Option D is correct - Apache Spark is a distributed processing framework and programming model that helps you do machine learning, stream processing, or graph analytics using Amazon EMR clusters.

Similar to Apache Hadoop, Spark is an open-source,distributed processing system commonly used for big data workloads.

However, Spark has several notable differences from Hadoop MapReduce.

Spark has an optimized directed acyclic graph (DAG) execution engine and actively caches data in-memory, which can boost performance, especially for certain algorithms and interactive queries.

https://docs.aws.amazon.com/emr/latest/ReleaseGuide/emr-spark.html

Based on the given scenario, Allianz Financial Services (AFS) is looking for a distributed processing framework and programming model to handle their big data analytics requirements using Amazon EMR clusters. The EMR cluster should support machine learning, stream processing, or graph analytics capabilities, and the data sources include S3, SQL databases, MongoDB, Redis, RDS, and other file systems.

Apache Spark is the best fit for AFS's requirements as it provides distributed processing capabilities for big data analytics. Apache Spark is an open-source distributed computing system that provides a programming model and framework for processing large-scale data sets.

Here are some of the reasons why Apache Spark is the right fit for AFS's requirements:

  1. Machine Learning: Apache Spark has a machine learning library called MLlib that provides distributed algorithms for machine learning tasks. The library includes tools for classification, regression, clustering, and collaborative filtering.

  2. Stream Processing: Apache Spark Streaming provides a programming model for processing real-time data streams. It supports various input sources, including Kafka, Flume, and Twitter, and output sources such as HDFS and databases.

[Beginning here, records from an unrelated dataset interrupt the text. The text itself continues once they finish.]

lemma Phi_diag_mat_apply:
  assumes "bounded (range g)"
  shows "\<Phi> (diag_mat g) i i = diag_state (\<lambda>m. g (m + i))"
  unfolding diag_state_def using Phi_diag_mat_translate[OF bounded_range_comp[OF assms], of "\<lambda>m. m + i" i i]
  by simp

definition Gamma :: "mat \<Rightarrow> mat" where
  "Gamma A = (\<lambda>i j. diag_state (\<lambda>m. A (i + m) (j + m)))"

lemma Gamma_fcoeff:
  assumes "A \<in> BL"
  shows "fcoeff (Gamma A) n = \<Phi> (fcoeff A n)"
proof -
  obtain K where K: "form_bounded A K" using BL_form_bounded assms by blast
  have "bounded (range (\<lambda>m. A m (m - n)))"
    by (intro bounded_rangeI[of _ K] form_bounded_entry[OF K])
  then have "\<Phi> (fcoeff A n) i i = Gamma A i (i - n)" for i
    unfolding fcoeff_eq_diag_mat Gamma_def by (simp add: Phi_diag_mat_apply algebra_simps)
  moreover have "\<Phi> (fcoeff A n) i j = 0" if "i \<noteq> j" for i j
    using Phi_Diag[OF fcoeff_in_Diag[OF assms]] that unfolding Diag_def by blast
  ultimately show ?thesis
    by (auto simp: fcoeff_eq_diag_mat diag_mat_def fun_eq_iff)
qed

lemma Gamma_form_bounded:
  assumes "form_bounded A K"
  shows "form_bounded (Gamma A) K"
  unfolding form_bounded_def
proof (intro conjI allI impI)
  fix F G :: "int set" and u v :: "int \<Rightarrow> complex"
  assume F: "finite F" and G: "finite G"
  have "(\<Sum>i\<in>F. \<Sum>j\<in>G. cnj (u i) * Gamma A i j * v j) =
        diag_state (\<lambda>m. \<Sum>i\<in>F. \<Sum>j\<in>G. cnj (u i) * A (i + m) (j + m) * v j)"
    unfolding Gamma_def by (rule state_double_sum[symmetric]) (rule bounded_range_diagonal[OF assms])
  also have "cmod \<dots> \<le> K * L2_cmod u F * L2_cmod v G"
  proof (rule norm_state_le)
    fix m
    show "cmod (\<Sum>i\<in>F. \<Sum>j\<in>G. cnj (u i) * A (i + m) (j + m) * v j) \<le> K * L2_cmod u F * L2_cmod v G"
      unfolding form_sum_translate L2_cmod_translate[of u m F, symmetric] L2_cmod_translate[of v m G, symmetric]
      using F G by (intro form_boundedD[OF assms]) auto
  qed
  finally show "cmod (\<Sum>i\<in>F. \<Sum>j\<in>G. cnj (u i) * Gamma A i j * v j) \<le> K * L2_cmod u F * L2_cmod v G" .
qed (rule form_bounded_nonneg[OF assms])

lemma Gamma_BL: "A \<in> BL \<Longrightarrow> Gamma A \<in> BL"
  using BL_form_bounded Gamma_form_bounded unfolding BL_def bounded_mat_iff_form_bounded by blast

lemma Gamma_idempotent:
  assumes idem: "\<forall>D\<in>Diag. \<Phi> (\<Phi> D) = \<Phi> D" and A: "A \<in> BL"
  shows "Gamma (Gamma A) = Gamma A"
proof (intro ext)
  fix i j
  have "Gamma (Gamma A) i j = \<Phi> (\<Phi> (fcoeff A (i - j))) i i"
    by (subst mat_eq_fcoeff) (simp add: Gamma_fcoeff Gamma_BL A)
  also have "\<dots> = \<Phi> (fcoeff A (i - j)) i i" using idem fcoeff_in_Diag[OF A] by simp
  also have "\<dots> = Gamma A i j"
    by (subst (2) mat_eq_fcoeff) (simp add: Gamma_fcoeff A)
  finally show "Gamma (Gamma A) i j = Gamma A i j" .
qed

lemma Gamma_linear: "linear_on BL Gamma"
  unfolding linear_on_def
proof (intro ballI allI)
  fix A C a b assume "A \<in> BL" "C \<in> BL"
  then obtain K1 K2 where K1: "form_bounded A K1" and K2: "form_bounded C K2"
    using BL_form_bounded by blast
  show "Gamma (\<lambda>i j. a * A i j + b * C i j) = (\<lambda>i j. a * Gamma A i j + b * Gamma C i j)"
    unfolding Gamma_def by (intro ext linear bounded_range_diagonal[OF K1] bounded_range_diagonal[OF K2])
qed

text \<open>Each translate of a positive block matrix is positive, and \<open>\<Gamma>\<close> averages the translates with
  the positive functional \<open>diag_state\<close>.\<close>
lemma Gamma_block_pos:
  assumes M: "\<forall>k<n. \<forall>l<n. M k l \<in> BL" and pos: "block_pos n M"
  shows "block_pos n (\<lambda>k l. Gamma (M k l))"
  unfolding block_pos_def
proof (intro allI impI)
  fix x :: "nat \<Rightarrow> int \<Rightarrow> complex"
  assume fx: "\<forall>k<n. finsupp (x k)"
  define X where "X k l m = (\<Sum>i\<in>supp (x k). \<Sum>j\<in>supp (x l). cnj (x k i) * M k l (i + m) (j + m) * x l j)"
    for k l m
  have bounded_X: "bounded (range (X k l))" if "k < n" "l < n" for k l
  proof -
    have "M k l \<in> BL" using M that by simp
    then obtain K where K: "form_bounded (M k l) K" using BL_form_bounded by blast
    show ?thesis unfolding X_def
      by (intro bounded_range_sum bounded_range_mult bounded_range_diagonal[OF K])
  qed
  have "(\<Sum>k<n. \<Sum>l<n. \<Sum>i\<in>supp (x k). \<Sum>j\<in>supp (x l). cnj (x k i) * Gamma (M k l) i j * x l j)
      = (\<Sum>k<n. \<Sum>l<n. diag_state (X k l))"
  proof (intro sum.cong refl)
    fix k l assume "k \<in> {..<n}" "l \<in> {..<n}"
    then have "M k l \<in> BL" using M by simp
    then obtain K where K: "form_bounded (M k l) K" using BL_form_bounded by blast
    show "(\<Sum>i\<in>supp (x k). \<Sum>j\<in>supp (x l). cnj (x k i) * Gamma (M k l) i j * x l j) = diag_state (X k l)"
      unfolding X_def Gamma_def by (rule state_double_sum[symmetric]) (rule bounded_range_diagonal[OF K])
  qed
  also have "\<dots> = (\<Sum>k<n. diag_state (\<lambda>m. \<Sum>l<n. X k l m))"
    using bounded_X by (intro sum.cong refl state_sum[symmetric]) auto
  also have "\<dots> = diag_state (\<lambda>m. \<Sum>k<n. \<Sum>l<n. X k l m)"
    using bounded_X by (intro state_sum[symmetric] bounded_range_sum) auto
  also have "cnonneg \<dots>"
  proof (rule positive)
    show "bounded (range (\<lambda>m. \<Sum>k<n. \<Sum>l<n. X k l m))"
      using bounded_X by (intro bounded_range_sum) auto
    show "\<forall>m. cnonneg (\<Sum>k<n. \<Sum>l<n. X k l m)"
    proof
      fix m
      define y where "y k i = x k (i - m)" for k i
      have fy: "\<forall>k<n. finsupp (y k)" using fx unfolding y_def by (auto intro: finsupp_translate)
      have "(\<Sum>k<n. \<Sum>l<n. X k l m) =
          (\<Sum>k<n. \<Sum>l<n. \<Sum>i\<in>supp (y k). \<Sum>j\<in>supp (y l). cnj (y k i) * M k l i j * y l j)"
        unfolding X_def y_def supp_translate by (intro sum.cong refl form_sum_translate)
      also have "cnonneg \<dots>"
        using pos fy unfolding block_pos_def by blast
      finally show "cnonneg (\<Sum>k<n. \<Sum>l<n. X k l m)" .
    qed
  qed
  finally show "cnonneg (\<Sum>k<n. \<Sum>l<n. \<Sum>i\<in>supp (x k). \<Sum>j\<in>supp (x l). cnj (x k i) * Gamma (M k l) i j * x l j)" .
qed

lemma Gamma_idm: "Gamma idm = idm"
  unfolding Gamma_def idm_def by (auto simp: fun_eq_iff state_const)

lemma Gamma_ucp: "ucp_on BL Gamma"
  unfolding ucp_on_def cp_on_def using Gamma_BL Gamma_linear Gamma_block_pos Gamma_idm by blast

end

lemma infsum_translate: "(\<Sum>\<^sub>\<infinity>k::int. f (k + m)) = (\<Sum>\<^sub>\<infinity>k. f k)"
proof -
  have "bij (\<lambda>k::int. k + m)"
    by (rule bij_betwI[of _ _ _ "\<lambda>k. k - m"]) auto
  then show ?thesis using infsum_reindex_bij_betw[of "\<lambda>k. k + m" UNIV UNIV f] by simp
qed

  3. Graph Analytics: Apache Spark GraphX provides a distributed graph processing framework for large-scale graph analytics. It supports various graph algorithms such as PageRank, Connected Components, and Triangle Counting.

  4. Compatibility with Data Sources: Apache Spark has connectors to various data sources, including S3, SQL databases, MongoDB, Redis, RDS, and other file systems. This means that AFS can leverage Apache Spark to analyze data from all their data sources.

In contrast, Apache Hive is a data warehousing and SQL querying tool built on top of Hadoop. It is primarily used for batch processing and is not suitable for real-time data processing or machine learning tasks. Apache HBase is a NoSQL database that provides real-time read and write access to large-scale data. It is suitable for real-time data processing and serving, but it does not provide machine learning or graph analytics capabilities. Apache HCatalog is a metadata management tool for Hadoop that provides a unified interface to access data stored in different formats. It is not a distributed processing framework and does not provide machine learning or stream processing capabilities.

Therefore, based on the requirements specified in the scenario, Apache Spark is the best option to fulfill AFS's big data analytics requirements on Amazon EMR clusters.